Better Than Government Work: Civil Society

Culture, Culture Poverty & Welfare, Poverty & Welfare

Editor's note: The following is a chapter featured in the new book, “This Way Up: New Thinking About Poverty and Economic Mobility.”

Conservatives have long sought, in vain, to roll back the welfare state. The results of government social programs are often mediocre. See, for example, the ineffective Head Start. But their noble-sounding goals have made it difficult for skeptics to question their virtues without seeming hard-hearted. The time has come to try a different approach.

It's time to dial back attacks on the welfare state and, instead, demonstrate that there's a better way. We should focus on encouraging civil society and nongovernmental organizations that not only assist those in need but do something even more important: encourage healthier social norms so that, over time, the perceived need for government programs recedes. Call it a welfare-state work-around strategy.

For the most part, this is not an effort that calls for public policy. It does not, for instance, mean federal grants for religious groups. It does call for government to provide the preconditions for helping new, nongovernment efforts flower. Crucially, these include retaining special tax treatment for charitable contributions and reversing the long decline in the number of local governments. More governments don't necessarily mean bigger government.

“It's time to dial back attacks on the welfare state and, instead, demonstrate that there's a better way.”

For too long, many Americans have believed that when social problems arise, we must look to government to cope with them. But in a healthy society, ills such as single parenthood, drug abuse, or non-school-ready children are not taken as givens that government must try to pick up after. For long-term social improvement, conservatives should look instead to nonsubsidized, nonprofit organizations that encourage healthy norms, including sobriety, delayed gratification, voluntarism, and charity.

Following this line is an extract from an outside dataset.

(* Let $\Gamma$ be a positive recursive absorbing game with payoffs in $(0,1]$. For each player $i\in I$ there exists a stationary profile $x_{-i}\in\prod_{j\ne i}\Delta(A_j)$ of the other players such that $\gamma_i(\sigma_i,x_{-i})\le v_i$ for every strategy $\sigma_i\in\Sigma_i$ of player $i$ (i.e., a stationary minmaxing profile against $i$ exists).
   Context: A positive recursive absorbing game is $\Gamma=(I,(A_i)_{i\in I},(r_i)_{i\in I},p)$ with $I$ a finite set of players, $A_i$ finite nonempty action sets, $A=\prod_i A_i$, $r_i:A\to(0,1]$, $p:A\to[0,1]$. At each stage, if not yet absorbed, players choose actions $a^n\in A$; with probability $p(a^n)$ the game absorbs with terminal payoff $r(a^n)$, otherwise continues (payoff $0$ in the nonabsorbing state). $\theta$ is the absorption stage. Behavior strategies $\sigma_i:\bigcup_{n\ge0}A^n\to\Delta(A_i)$ form $\Sigma_i$; $\Sigma_{-i}=\prod_{j\neq i}\Sigma_j$. The undiscounted payoff is $\gamma(\sigma)=\mathbf E_\sigma[r(a^\theta)\mathbf 1_{\theta<\infty}]$. A stationary strategy of player $j$ plays a fixed mixed action $x_j\in\Delta(A_j)$ at every stage regardless of history. Player $i$'s minmax value is $v_i:=\inf_{\sigma_{-i}\in\Sigma_{-i}}\sup_{\sigma_i\in\Sigma_i}\gamma_i(\sigma_i,\sigma_{-i})$. *)

theory Defs
  imports "HOL-Probability.Probability_Mass_Function"
begin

Examples abound, in the past and still today. Nineteenth-century social reformer Charles Loring Brace, founder of the New York Children's Aid Society, stressed the importance of the "formative" rather than the "reformative." In the early 20th century, the settlement house movement provided English classes and other assistance to assimilating immigrants through more than 400 local organizations funded entirely with private moneys. Among models from that era that have persisted and continued to prove their worth: the Boy Scouts and Girl Scouts, with their stress on honorable behavior.

But we've taken a long, unfortunate path away from that era. Our three worst mistakes start with expanding government into realms once independent of it. Much of civil society has become the vehicle for what's sometimes called "government by contract." Across the nation, government agencies maintain some 350,000 contracts with more than 56,000 nonprofits to provide services for the less fortunate. In 2012, such contracts totaled some $137 billion. Where once religious organizations looked after orphans and abused children with their own funds, today they do so with public dollars. A similar story holds true for virtually every "social service," from drug- and alcohol-abuse counseling to job training for ex-offenders. All too often, such groups have spotty records—as, for instance, with the many local "child protection services" whose charges so often show up in headlines abused or worse.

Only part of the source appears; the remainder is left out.